I ended up having to enlist the help of my husband to get the elderberries off the stems yesterday afternoon. I have familial essential tremors, that makes it very difficult for me to do a lot of things with my hands, because they shake so badly. I was having a heck of a time getting the berries off the stems.
The elderberries were in two feed sacks. We guesstimate that by the time we combined those feed sacks, we had a full 50 pound feed sack of elderberries. DH spent over an hour, stripping berries off after rinsing them. I then dumped them into my water bath canning pot and just covered them with water. They ended up being about an inch and a quarter below the top edge.
I then put a lid on the pot, turned the burner on the stove to low, and left it there for several hours while it simmered. Occasionally I checked it and gave it to stir with one of my big commercial kitchen spoons (from my goat milk days). By 11 o’clock last night I could tell that the juice had cooked out of the berries, and they were finally done, but I didn’t have any place to put them to cool down. So I just left them on the stove covered. I figured they had been simmering at just under a boil for hours, so there couldn’t be any bacteria in the juice and it should be safe until morning.
This morning they were actually still just a little bit warm. I got my 16 cup Cuisinart out and put the small plastic blade, which I think is a dough blade, and got my big commercial ladle out. About four of those ladles filled the Cuisinart about 3/4 full. I turned it on for about two minutes, and the pulp was separated from the seeds and skin.
DH held a nylon milk strainer bag over one of my 2-1/2 gallon stainless steel buckets while I poured the sludge from the Cuisinart into the bag. I then began ringing all the liquid out, and ended up with about a cup of dry pulp. Rinse and repeat about 15 times. By the time I was finished, I had two buckets about 3/4 full. So I figure I got 4 1/2 or 5 GALLONS of juice out of all those elderberries. NOT BAD!

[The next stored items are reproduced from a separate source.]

lemma H01_limit_mult_test_fun:
  assumes fG: "H01_limit f G" and t: "test_fun \<Omega> t"
  shows "H01_limit (\<lambda>x. f x * t x) (\<lambda>i x. G i x * t x + f x * pd i t x)"
proof -
  obtain \<eta> where \<eta>: "\<And>m. test_fun \<Omega> (\<eta> m)" "mean_square_limit \<mu> \<eta> f"
    "\<And>i. mean_square_limit \<mu> (\<lambda>m. pd i (\<eta> m)) (G i)"
    using fG unfolding H01_limit_def by blast
  have f: "square_integrable \<mu> f" and G: "\<And>i. square_integrable \<mu> (G i)"
    using fG by (auto simp: H01_limit_def)
  have \<eta>_sq: "square_integrable \<mu> (\<eta> m)" "square_integrable \<mu> (pd i (\<eta> m))" for m i
    by (simp_all add: square_integrable_test_fun[OF \<eta>(1)] square_integrable_test_fun[OF test_fun_pd[OF \<eta>(1)]])
  let ?\<eta>t = "\<lambda>m x. \<eta> m x * t x"
  have "test_fun \<Omega> (?\<eta>t m)" for m
    using test_fun_mult[OF \<eta>(1) test_fun_smooth[OF t]] .
  moreover have "mean_square_limit \<mu> (\<lambda>m x. \<eta> m x * t x) (\<lambda>x. f x * t x)"
    by (rule mean_square_limit_mult_test_fun[OF \<eta>_sq(1) f t \<eta>(2)])
  moreover have "mean_square_limit \<mu> (\<lambda>m. pd i (\<lambda>x. \<eta> m x * t x)) (\<lambda>x. G i x * t x + f x * pd i t x)" for i
  proof -
    have "pd i (\<lambda>x. \<eta> m x * t x) = (\<lambda>x. pd i (\<eta> m) x * t x + \<eta> m x * pd i t x)" for m
      using pd_mult[OF test_fun_smooth[OF \<eta>(1)] test_fun_smooth[OF t]] by (simp add: fun_eq_iff)
    moreover have "mean_square_limit \<mu> (\<lambda>m x. pd i (\<eta> m) x * t x + \<eta> m x * pd i t x)
        (\<lambda>x. G i x * t x + f x * pd i t x)"
      using \<eta>_sq f G t test_fun_pd[OF t] \<eta>
      by (intro mean_square_limit_add mean_square_limit_mult_test_fun square_integrable_mult_test_fun)
    ultimately show ?thesis by simp
  qed
  moreover have "square_integrable \<mu> (\<lambda>x. f x * t x)"
    "square_integrable \<mu> (\<lambda>x. G i x * t x + f x * pd i t x)" for i
    using f G t test_fun_pd[OF t]
    by (simp_all add: square_integrable_add square_integrable_mult_test_fun)
  ultimately show ?thesis unfolding H01_limit_def by (intro conjI exI[of _ ?\<eta>t]) blast+
qed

I then poured the juice through the straining bag, one more time and put it on the stove, bringing it up to 185°F, to make sure I killed off any bacteria. It is now sitting on the stove cooling off, so I can pour it into freeze dryer trays and freeze it solid, before I put it in the freeze dryer. Ask me how I know it makes a mess if you try to pour liquid into the trays while they are in the freeze dryer.
I have been making elderberry syrup and elderberry juice for seven or eight years now, and I learned something new today!

After I got the juice reheating on the stove, and was cleaning my equipment, I found what appeared to be brown grease smeared in my sink.

I tried scrubbing it with dish soap, and it just smeared around and made a mess. I ended up having to get my CitruSolve orange cleaner out and scrubbing it with that. I also had it on my hands and utensils. At first, I couldn’t figure out where this grease came from. But then I realized it had to have come from the elderberries. The nylon bag that I used to strain the juice from the berries, was covered with it. WHAT A MESS to clean up! So it appears that elderberries have some sort of resin in them. Two well-known resins, that I use a lot for healing lotions, are frankincense and myrrh resins. Maybe that accounts for some of the exceptional healing powers of elderberries! That just proves you are never too old to learn something new!